快速CUDA推力定制比较运算符 [英] fast CUDA thrust custom comparison operator
问题描述
我正在评估CUDA,目前使用Thrust库对数字进行排序。
我想为thrust :: sort创建自己的比较器,下来drammically!
我只需从 functional.h 中复制代码即可创建自己的较少实现。
- 默认比较器:thrust :: less() - 94 ms
- 我自己的比较器:less() - 906
我使用Visual Studio 2010.我应该怎么做才能获得与选项1相同的性能?
完成代码:
#include< stdio.h>
#include< cuda.h>
#include< thrust / host_vector.h>
#include< thrust / device_vector.h>
#include< thrust / generate.h>
#include< thrust / sort.h>
int myRand()
{
static int counter = 0;
if(counter ++%10000 == 0)
srand(time(NULL)+ counter);
return(rand()<< 16)| rand();
}
template< typename T>
struct less:public thrust :: binary_function< T,T,bool>
{
__host__ __device__ bool operator()(const T& lhs,const T& rhs)const {
return lhs& rhs;
}
};
int main()
{
thrust :: host_vector< int> h_vec(10 * 1000 * 1000);
thrust :: generate(h_vec.begin(),h_vec.end(),myRand);
thrust :: device_vector< int> d_vec = h_vec;
int clc = clock();
thrust :: sort(d_vec.begin(),d_vec.end(),less< int>());
printf(%dms\\\
,(clock() - clc)* 1000 / CLOCKS_PER_SEC);
return 0;
}
解决方案性能上的差异是因为Thrust根据提供给
thrust :: sort
的参数实现不同算法的排序。
在情况1中,Thrust可以证明该排序可以在具有基数排序的线性时间中实现。这是因为要排序的数据类型是内置的数字类型(
int
),比较函数是内置的小于操作 - Thrust识别thrust :: less< int>
将产生与x <
在情况2中,Thrust不了解您的用户提供的
less< int>
,并且必须使用基于具有不同渐近复杂度的比较排序的更保守的算法,即使事实上更少< int>
code> thrust :: less< int> 。
一般来说,用户定义的比较运算符不能与更多限制性,更快的排序,其操纵数据的二进制表示,例如基数排序。在这些情况下,Thrust可以退回更一般的,但排序较慢。
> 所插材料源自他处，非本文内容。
(* Let $G$ be a graph, $k\in\mathbb N$, and let $\mathcal F$ be a set of finite stars in $\vec S_k(G)$ all of which have finite interior. Let $\sigma\subseteq\vec S_k(G)$ be a star of left-tight separations, and let $X\subseteq\mathrm{int}(\sigma)$ with $|X|<k$. Suppose that either $X$ is a critical vertex set of $\mathrm{torso}(\sigma)$, or infinitely many separations $(A,B)\in\sigma$ satisfy $A\cap B=X$. Then there is a non-principal $\mathcal F$-tangle $\tau$ of $S_k(G)$ with $\sigma\subseteq\tau$.
   Context: Graphs may be infinite. A separation of $G$ is a set $\{A,B\}$ with $A,B\subseteq V(G)$, $A\cup B=V(G)$ and no edge of $G$ between $A\setminus B$ and $B\setminus A$; its order is $|A\cap B|$. $S_k(G)$ is the set of separations of order $<k$ and $\vec S_k(G)$ the set of their orientations $(A,B)$, $(B,A)$. Order: $(A,B)\le(C,D)$ iff $A\subseteq C$ and $B\supseteq D$. $(A,B)$ is left-tight if some component of $G[A\setminus B]$ has neighbourhood in $G$ equal to $A\cap B$. An orientation of $S_k(G)$ is a set containing exactly one orientation of each element; consistent if there are no distinct $\{A,B\},\{C,D\}\in S_k(G)$ with $(A,B)<(C,D)$, $(B,A)\in O$, $(C,D)\in O$; principal if for every set $Y$ of fewer than $k$ vertices it contains $(V(G)\setminus V(K),V(K)\cup Y)$ for some component $K$ of $G-Y$, and non-principal otherwise. A star is a set $\sigma$ of oriented finite-order separations, not containing $(V(G),V(G))$, with $(A,B)\le(D,C)$ for distinct $(A,B),(C,D)\in\sigma$; its interior is $\mathrm{int}(\sigma)=\bigcap_{(A,B)\in\sigma}B$; $\mathrm{torso}(\sigma)$ is obtained from $G[\mathrm{int}(\sigma)]$ by adding an edge $uv$ whenever distinct $u,v\in\mathrm{int}(\sigma)$ lie together in $A\cap B$ for some $(A,B)\in\sigma$. An $\mathcal F$-tangle of $S_k(G)$ is a consistent orientation of $S_k(G)$ having no element of $\mathcal F$ as a subset. A critical vertex set of a graph $H$ is a finite $X\subseteq V(H)$ such that infinitely many components $K$ of $H-X$ satisfy $N_H(K)=X$. *)

theory Defs
  imports Main
begin

definition graph :: "'a set \<Rightarrow> ('a \<Rightarrow> 'a \<Rightarrow> bool) \<Rightarrow> bool" where
  "graph V E \<longleftrightarrow> (\<forall>u v. E u v \<longrightarrow> u \<in> V \<and> v \<in> V \<and> u \<noteq> v \<and> E v u)"

definition component_in :: "'a set \<Rightarrow> ('a \<Rightarrow> 'a \<Rightarrow> bool) \<Rightarrow> 'a set \<Rightarrow> 'a set \<Rightarrow> bool" where
  "component_in V E S K \<longleftrightarrow>
     (\<exists>x \<in> S \<inter> V. K = {y. (\<lambda>u v. E u v \<and> u \<in> S \<inter> V \<and> v \<in> S \<inter> V)\<^sup>*\<^sup>* x y})"

definition nbhd :: "'a set \<Rightarrow> ('a \<Rightarrow> 'a \<Rightarrow> bool) \<Rightarrow> 'a set \<Rightarrow> 'a set" where
  "nbhd V E C = {v \<in> V - C. \<exists>u \<in> C. E u v}"

text \<open>Oriented separations (A,B); the unoriented separation {A,B} corresponds to
the two orientations (A,B), (B,A).\<close>
definition is_sep :: "'a set \<Rightarrow> ('a \<Rightarrow> 'a \<Rightarrow> bool) \<Rightarrow> 'a set \<times> 'a set \<Rightarrow> bool" where
  "is_sep V E s \<longleftrightarrow> (case s of (A, B) \<Rightarrow>
     A \<subseteq> V \<and> B \<subseteq> V \<and> A \<union> B = V \<and> (\<forall>u \<in> A - B. \<forall>v \<in> B - A. \<not> E u v))"

definition finite_order_seps :: "'a set \<Rightarrow> ('a \<Rightarrow> 'a \<Rightarrow> bool) \<Rightarrow> ('a set \<times> 'a set) set" where
  "finite_order_seps V E = {(A, B). is_sep V E (A, B) \<and> finite (A \<inter> B)}"

definition vS :: "'a set \<Rightarrow> ('a \<Rightarrow> 'a \<Rightarrow> bool) \<Rightarrow> nat \<Rightarrow> ('a set \<times> 'a set) set" where
  "vS V E k = {(A, B). is_sep V E (A, B) \<and> finite (A \<inter> B) \<and> card (A \<inter> B) < k}"

definition sep_le :: "'a set \<times> 'a set \<Rightarrow> 'a set \<times> 'a set \<Rightarrow> bool" where
  "sep_le s t \<longleftrightarrow> fst s \<subseteq> fst t \<and> snd t \<subseteq> snd s"

definition sep_less :: "'a set \<times> 'a set \<Rightarrow> 'a set \<times> 'a set \<Rightarrow> bool" where
  "sep_less s t \<longleftrightarrow> sep_le s t \<and> s \<noteq> t"

definition flip :: "'a set \<times> 'a set \<Rightarrow> 'a set \<times> 'a set" where
  "flip s = (snd s, fst s)"

definition left_tight :: "'a set \<Rightarrow> ('a \<Rightarrow> 'a \<Rightarrow> bool) \<Rightarrow> 'a set \<times> 'a set \<Rightarrow> bool" where
  "left_tight V E s \<longleftrightarrow>
     (\<exists>C. component_in V E (fst s - snd s) C \<and> nbhd V E C = fst s \<inter> snd s)"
I'm evaluating CUDA and currently using Thrust library to sort numbers.
I'd like to create my own comparer for thrust::sort, but it slows down drammatically! I created my own less implemetation by just copying code from functional.h. However it seems to be compiled in some other way and works very slowly.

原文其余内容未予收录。